If the message was sent successfully, the result should look like this.

Enable as Web Action

Now we need to create an endpoint, which will be used by Watson Assistant to invoce your function.

On the left side, click Endpoints and check the box called Enable as Web Action. Press save, and copy the URL.

Set up your Assistant

Set up Watson Assistant

Go back to your Dashboard, and type Watson Assistant into the search bar. If you already have a Watson Assistant service you can use it, otherwise you can create a free lite version either by clicking Watson Assistant under the Catalog Results Section or following this link.

Create your own Skill

Afterwards launch your Watson Assistant Service, and look for Skills on the left.

If you can't find it, click on the profile icon in the upper right corner, and click Switch to classic experience.

Create a new skill, select Dialog skill and click next. Select Upload skill and provide the skill-Connect-to-Discord.json file.

Enable Webhooks

Before you can test your assistant, you need to provide the cloud funtion's URL.

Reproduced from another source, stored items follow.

(* Let $T$ be an operator on a complex Hilbert space of dimension $n$ belonging to $\Upsilon_n$. Then the boundary $\partial W(T)$ of the numerical range of $T$ is a regular arc, and the function $\lambda(\theta)$ is differentiable for all $\theta\in[0,2\pi)$.
   Context: $\Upsilon_n$ is the class of all completely nonunitary contractions $T$ on an $n$-dimensional space (i.e. $\|T\|\le1$ and $T$ has no eigenvalue of modulus $1$) with $\operatorname{rank}(I-T^*T)=1$. $W(T)=\{\langle Tx,x\rangle:\|x\|=1\}$. For $\theta$ real, $\lambda(\theta)$ is the largest eigenvalue of the Hermitian matrix $\mathscr{R}e(e^{-i\theta}T)=\frac12(e^{-i\theta}T+e^{i\theta}T^* )$; it is the signed distance from the origin to the supporting line of $W(T)$ perpendicular to the ray of angle $\theta$. A regular arc of $\partial W(T)$ is one containing neither corner points nor straight line segments. *)

theory Defs
  imports "HOL-Analysis.Analysis"
begin

text \<open>Operators on an n-dimensional complex Hilbert space are represented as
  complex n x n matrices acting on complex^'n (standard inner product).\<close>

definition cinner :: "complex^'n \<Rightarrow> complex^'n \<Rightarrow> complex" where
  "cinner x y = (\<Sum>i\<in>UNIV. x$i * cnj (y$i))"

definition adjoint_mat :: "complex^'n^'n \<Rightarrow> complex^'n^'n" where
  "adjoint_mat A = (\<chi> i j. cnj (A$j$i))"

definition is_eigenvalue :: "complex^'n^'n \<Rightarrow> complex \<Rightarrow> bool" where
  "is_eigenvalue A c \<longleftrightarrow> (\<exists>x. x \<noteq> 0 \<and> A *v x = c *s x)"

text \<open>The class Upsilon_n: completely nonunitary contractions with rank(I - T*T) = 1.\<close>
definition Upsilon :: "complex^'n^'n \<Rightarrow> bool" where
  "Upsilon T \<longleftrightarrow> (\<forall>x. norm (T *v x) \<le> norm x)
      \<and> (\<forall>c. is_eigenvalue T c \<longrightarrow> cmod c \<noteq> 1)
      \<and> rank (mat 1 - adjoint_mat T ** T) = 1"

definition numerical_range :: "complex^'n^'n \<Rightarrow> complex set" where
  "numerical_range T = {cinner (T *v x) x | x. norm x = 1}"

definition re_part :: "real \<Rightarrow> complex^'n^'n \<Rightarrow> complex^'n^'n" where
  "re_part \<theta> T = (\<chi> i j. (exp (- \<i> * of_real \<theta>) * T$i$j + exp (\<i> * of_real \<theta>) * adjoint_mat T$i$j) / 2)"

definition lam :: "complex^'n^'n \<Rightarrow> real \<Rightarrow> real" where
  "lam T \<theta> = Max {\<mu>::real. is_eigenvalue (re_part \<theta> T) (of_real \<mu>)}"

definition supports :: "complex set \<Rightarrow> complex \<Rightarrow> complex \<Rightarrow> bool" where
  "supports W p u \<longleftrightarrow> cmod u = 1 \<and> (\<forall>w\<in>W. Re (cnj u * w) \<le> Re (cnj u * p))"

definition corner_point :: "complex set \<Rightarrow> complex \<Rightarrow> bool" where
  "corner_point W p \<longleftrightarrow> p \<in> frontier W \<and>
     (\<exists>u1 u2. u1 \<noteq> u2 \<and> supports W p u1 \<and> supports W p u2)"

text \<open>The boundary is a regular arc: no corner points and no (nondegenerate) line segments.\<close>
definition regular_boundary :: "complex set \<Rightarrow> bool" where
  "regular_boundary W \<longleftrightarrow> \<not> (\<exists>p. corner_point W p) \<and>
     \<not> (\<exists>a b. a \<noteq> b \<and> closed_segment a b \<subseteq> frontier W)"

end

theory Submission
  imports Defs
begin

text \<open>For a unit direction \<open>u\<close>, the supporting line of \<open>W(T)\<close> orthogonal to \<open>u\<close> is at distance the
  largest eigenvalue of the Hermitian matrix \<open>Re (cnj u T)\<close>, and the points of \<open>W(T)\<close> on it are the
  values \<open>\<langle>T x, x\<rangle>\<close> at unit eigenvectors \<open>x\<close> for that eigenvalue. Since \<open>I - T\<^sup>* T\<close> has rank one,
  \<open>T\<close> is isometric on a hyperplane, and complete nonunitarity rules out eigenvectors of
  \<open>Re (cnj u T)\<close> on which \<open>T\<close> is isometric; hence all eigenspaces of \<open>Re (cnj u T)\<close> are
  one-dimensional, and every supporting line meets \<open>W(T)\<close> in a single point. This excludes
  segments in the boundary and, by the envelope theorem, makes \<open>\<lambda>\<close> differentiable. At a corner
  \<open>p = \<langle>T x, x\<rangle>\<close>, \<open>x\<close> would be an eigenvector of \<open>Re (cnj u T)\<close> for two non-opposite directions,
  hence a common eigenvector of \<open>T\<close> and \<open>T\<^sup>*\<close>; then \<open>T\<close> is isometric on \<open>x\<^sup>\<bottom>\<close>, which squeezes
  \<open>W(T)\<close> into a line, impossible in dimension at least two.\<close>

section \<open>The complex inner product\<close>

lemma cinner_add_left: "cinner (x + y) z = cinner x z + cinner y z"
  by (simp add: cinner_def distrib_right sum.distrib)

lemma cinner_add_right: "cinner x (y + z) = cinner x y + cinner x z"
  by (simp add: cinner_def distrib_left sum.distrib)

lemma cinner_diff_left: "cinner (x - y) z = cinner x z - cinner y z"
  by (simp add: cinner_def left_diff_distrib sum_subtractf)

lemma cinner_scale_left: "cinner (c *s x) y = c * cinner x y"
  by (simp add: cinner_def sum_distrib_left mult.assoc)

lemma cinner_scale_right: "cinner x (c *s y) = cnj c * cinner x y"
  by (simp add: cinner_def sum_distrib_left mult_ac)

lemma cnj_cinner: "cnj (cinner x y) = cinner y x"
  by (simp add: cinner_def mult.commute)

lemma Re_cinner: "Re (cinner x y) = x \<bullet> y"
  by (simp add: cinner_def inner_vec_def inner_complex_def Re_sum)

lemma cinner_self: "cinner x x = complex_of_real ((norm x)\<^sup>2)"
proof -
  have "Im (cinner x x) = 0"
    by (simp add: cinner_def Im_sum)
  then show ?thesis
    by (simp add: complex_eq_iff Re_cinner power2_norm_eq_inner)
qed

lemma cinner_adjoint: "cinner (A *v x) y = cinner x (adjoint_mat A *v y)"
proof -
  have "cinner (A *v x) y = (\<Sum>i\<in>UNIV. \<Sum>j\<in>UNIV. A$i$j * x$j * cnj (y$i))"
    by (simp add: cinner_def matrix_vector_mult_def sum_distrib_right)
  also have "\<dots> = (\<Sum>j\<in>UNIV. \<Sum>i\<in>UNIV. A$i$j * x$j * cnj (y$i))"
    by (rule sum.swap)
  also have "\<dots> = cinner x (adjoint_mat A *v y)"
    by (simp add: cinner_def matrix_vector_mult_def adjoint_mat_def sum_distrib_left cnj_sum mult_ac)
  finally show ?thesis .
qed

lemma adjoint_mat_adjoint_mat [simp]: "adjoint_mat (adjoint_mat A) = A"
  by (simp add: adjoint_mat_def vec_eq_iff)

lemma cinner_adjoint_right: "cinner x (A *v y) = cinner (adjoint_mat A *v x) y"
  by (metis cinner_adjoint adjoint_mat_adjoint_mat)

lemma matrix_vector_mult_scale: "(A::complex^'n^'m) *v (c *s x) = c *s (A *v x)"
  by (simp add: vec_eq_iff matrix_vector_mult_def sum_distrib_left mult_ac)

lemma of_real_vector_scalar_mult: "complex_of_real r *s x = r *\<^sub>R (x::complex^'n)"
  unfolding vec_eq_iff
  by (simp only: vector_smult_component vector_scaleR_component) (simp add: scaleR_conv_of_real)

lemma matrix_vector_mult_scaleR: "(A::complex^'n^'m) *v (t *\<^sub>R x) = t *\<^sub>R (A *v x)"
  by (metis matrix_vector_mult_scale of_real_vector_scalar_mult)

lemma norm_vector_scalar_mult: "norm (c *s (x::complex^'n)) = cmod c * norm x"
proof -
  have "(norm (c *s x))\<^sup>2 = Re (cinner (c *s x) (c *s x))"
    by (simp add: cinner_self)
  also have "\<dots> = Re (c * cnj c * cinner x x)"
    by (simp add: cinner_scale_left cinner_scale_right mult_ac)
  also have "\<dots> = (cmod c * norm x)\<^sup>2"
    by (simp add: cinner_self complex_mult_cnj cmod_power2 power_mult_distrib del: of_real_power)
  finally show ?thesis
    by (simp add: power2_eq_iff_nonneg)
qed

Click on Options->Webhooks, paste in the URL, and ADD A .json AT THE END.

We could use Discord's webhook link direcly, without adding a .json, and it would send the message as well. However, Discord doesn't return anything (that Watson Assistant can understand), which would prevent us from informing the user of our assistant, that the message was sent correctly.

Test your assistant

Now you can click on the Try it button and test whether the assistant is working correctly.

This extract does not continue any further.